Bangani ( baṅgāṇī) is an Indo-Aryan language spoken in parts of Uttarkashi district in the west of the Garhwal region of Uttarakhand, India. It has been described either as a member of the Western Pahari language group, or as a dialect of the Central Pahari Garhwali language. It shares between one half and two thirds of its basic vocabulary with neighbouring varieties of Garhwali and with the Western Pahari languages of Jaunsari and Sirmauri.

Lexical similarity with neighbors
'''

Centum substrate hypothesis 
Bangani is of interest amongst scholars of Indo-European languages, due to some unusual features.

Since the 1980s, Claus Peter Zoller – a scholar of Indian linguistics and literature – has claimed that there is a centum language substrate in Bangani. Zoller has also suggested that Bangani has been misclassified as a dialect of Garhwali and is more closely related to the Western Pahari languages.

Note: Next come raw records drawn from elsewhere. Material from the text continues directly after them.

lemma valuation_ring_kernel_image_divides:
  assumes val: "valuation_ring R" and \<phi>: "\<phi> \<in> ring_hom A R"
    and max: "\<And>P. primeideal P R \<Longrightarrow> \<phi> ` a_kernel A B fst \<subseteq> P \<Longrightarrow> maximalideal P R"
    and c\<^sub>0: "c\<^sub>0 \<in> a_kernel C K \<gamma>" "\<phi> (\<zero>\<^bsub>B\<^esub>, c\<^sub>0) \<noteq> \<zero>\<^bsub>R\<^esub>" and c: "c \<in> carrier C"
  shows "\<phi> (\<zero>\<^bsub>B\<^esub>, c\<^sub>0) divides\<^bsub>R\<^esub> \<phi> (\<zero>\<^bsub>B\<^esub>, c \<otimes>\<^bsub>C\<^esub> c\<^sub>0)"
proof -
  interpret R: domain R using val by (simp add: valuation_ring_def)
  have cc\<^sub>0: "c \<otimes>\<^bsub>C\<^esub> c\<^sub>0 \<in> a_kernel C K \<gamma>"
    by (rule kernel_mult_closed(1)[OF c\<^sub>0(1) c])
  have ker_fst: "(\<zero>\<^bsub>B\<^esub>, d) \<in> a_kernel A B fst" if "d \<in> a_kernel C K \<gamma>" for d
    using that a_kernel_fst_iff by simp
  show ?thesis
  proof (rule R.valuation_ring_divides_if_scaled[OF val _ max])
    show "\<phi> ` a_kernel A B fst \<subseteq> carrier R"
      using ring_hom_closed[OF \<phi>] unfolding a_kernel_def' by blast
    show "\<phi> (\<zero>\<^bsub>B\<^esub>, c\<^sub>0) \<in> carrier R" "\<phi> (\<zero>\<^bsub>B\<^esub>, c \<otimes>\<^bsub>C\<^esub> c\<^sub>0) \<in> carrier R"
      using ring_hom_closed[OF \<phi> kernel_pair_in_carrier] c\<^sub>0(1) cc\<^sub>0 by blast+
    show "\<phi> (\<zero>\<^bsub>B\<^esub>, c\<^sub>0) \<noteq> \<zero>\<^bsub>R\<^esub>" by (rule c\<^sub>0(2))
    fix m assume "m \<in> \<phi> ` a_kernel A B fst"
    then obtain x where x: "x \<in> a_kernel A B fst" "m = \<phi> x" by (rule imageE)
    then have "fst x = \<zero>\<^bsub>B\<^esub>" "snd x \<in> a_kernel C K \<gamma>"
      using a_kernel_fst_iff[of x] by blast+
    then obtain e where e: "e \<in> a_kernel C K \<gamma>" "m = \<phi> (\<zero>\<^bsub>B\<^esub>, e)"
      using x(2) by (cases x) simp
    have "\<phi> (\<zero>\<^bsub>B\<^esub>, c \<otimes>\<^bsub>C\<^esub> c\<^sub>0) \<otimes>\<^bsub>R\<^esub> m = \<phi> (\<zero>\<^bsub>B\<^esub>, (c \<otimes>\<^bsub>C\<^esub> c\<^sub>0) \<otimes>\<^bsub>C\<^esub> e)"
      using kernel_pair_mult[OF \<phi> cc\<^sub>0 kernel_pair_in_carrier[OF e(1)]] e(2) by simp
    also have "\<dots> = \<phi> (\<zero>\<^bsub>B\<^esub>, c\<^sub>0 \<otimes>\<^bsub>C\<^esub> (c \<otimes>\<^bsub>C\<^esub> e))"
      using c c\<^sub>0(1) e(1) kernel_subset by (simp add: C.m_ac subsetD)
    also have "\<dots> = \<phi> (\<zero>\<^bsub>B\<^esub>, c\<^sub>0) \<otimes>\<^bsub>R\<^esub> \<phi> (\<zero>\<^bsub>B\<^esub>, c \<otimes>\<^bsub>C\<^esub> e)"
      using kernel_pair_mult[OF \<phi> c\<^sub>0(1) kernel_pair_in_carrier[OF kernel_mult_closed(1)[OF e(1) c]]]
      by simp
    finally show "\<exists>m'\<in>\<phi> ` a_kernel A B fst.
        \<phi> (\<zero>\<^bsub>B\<^esub>, c \<otimes>\<^bsub>C\<^esub> c\<^sub>0) \<otimes>\<^bsub>R\<^esub> m = \<phi> (\<zero>\<^bsub>B\<^esub>, c\<^sub>0) \<otimes>\<^bsub>R\<^esub> m'"
      using ker_fst[OF kernel_mult_closed(1)[OF e(1) c]] by blast
  qed
qed

lemma kernel_multiples_mult:
  assumes \<phi>: "\<phi> \<in> ring_hom A R" and c\<^sub>0: "c\<^sub>0 \<in> a_kernel C K \<gamma>"
    and x: "x \<in> carrier C" and y: "y \<in> carrier C"
  shows "\<phi> (\<zero>\<^bsub>B\<^esub>, x \<otimes>\<^bsub>C\<^esub> c\<^sub>0) \<otimes>\<^bsub>R\<^esub> \<phi> (\<zero>\<^bsub>B\<^esub>, y \<otimes>\<^bsub>C\<^esub> c\<^sub>0)
    = \<phi> (\<zero>\<^bsub>B\<^esub>, c\<^sub>0) \<otimes>\<^bsub>R\<^esub> \<phi> (\<zero>\<^bsub>B\<^esub>, (x \<otimes>\<^bsub>C\<^esub> y) \<otimes>\<^bsub>C\<^esub> c\<^sub>0)"
proof -
  have c\<^sub>0C: "c\<^sub>0 \<in> carrier C" using c\<^sub>0 kernel_subset by blast
  have ker: "c \<otimes>\<^bsub>C\<^esub> c\<^sub>0 \<in> a_kernel C K \<gamma>" if "c \<in> carrier C" for c
    by (rule kernel_mult_closed(1)[OF c\<^sub>0 that])
  have "\<phi> (\<zero>\<^bsub>B\<^esub>, x \<otimes>\<^bsub>C\<^esub> c\<^sub>0) \<otimes>\<^bsub>R\<^esub> \<phi> (\<zero>\<^bsub>B\<^esub>, y \<otimes>\<^bsub>C\<^esub> c\<^sub>0)
      = \<phi> (\<zero>\<^bsub>B\<^esub>, (x \<otimes>\<^bsub>C\<^esub> c\<^sub>0) \<otimes>\<^bsub>C\<^esub> (y \<otimes>\<^bsub>C\<^esub> c\<^sub>0))"
    using kernel_pair_mult[OF \<phi> ker[OF x] kernel_pair_in_carrier[OF ker[OF y]]] by simp
  also have "\<dots> = \<phi> (\<zero>\<^bsub>B\<^esub>, c\<^sub>0 \<otimes>\<^bsub>C\<^esub> ((x \<otimes>\<^bsub>C\<^esub> y) \<otimes>\<^bsub>C\<^esub> c\<^sub>0))"
    using x y c\<^sub>0C by (simp add: C.m_ac)
  also have "\<dots> = \<phi> (\<zero>\<^bsub>B\<^esub>, c\<^sub>0) \<otimes>\<^bsub>R\<^esub> \<phi> (\<zero>\<^bsub>B\<^esub>, (x \<otimes>\<^bsub>C\<^esub> y) \<otimes>\<^bsub>C\<^esub> c\<^sub>0)"
    using kernel_pair_mult[OF \<phi> c\<^sub>0 kernel_pair_in_carrier[OF ker[OF C.m_closed[OF x y]]]]
    by simp
  finally show ?thesis .
qed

The substance of Zoller's claims has been rejected by George van Driem and Suhnu Sharma, in publications since 1996, which claim that Zoller's data was flawed and that Bangani is an unambiguously satem language. Zoller does not accept the findings by van Driem and Sharma, and claims that there are methodological issues and factual errors in van Driem and Sharma's work.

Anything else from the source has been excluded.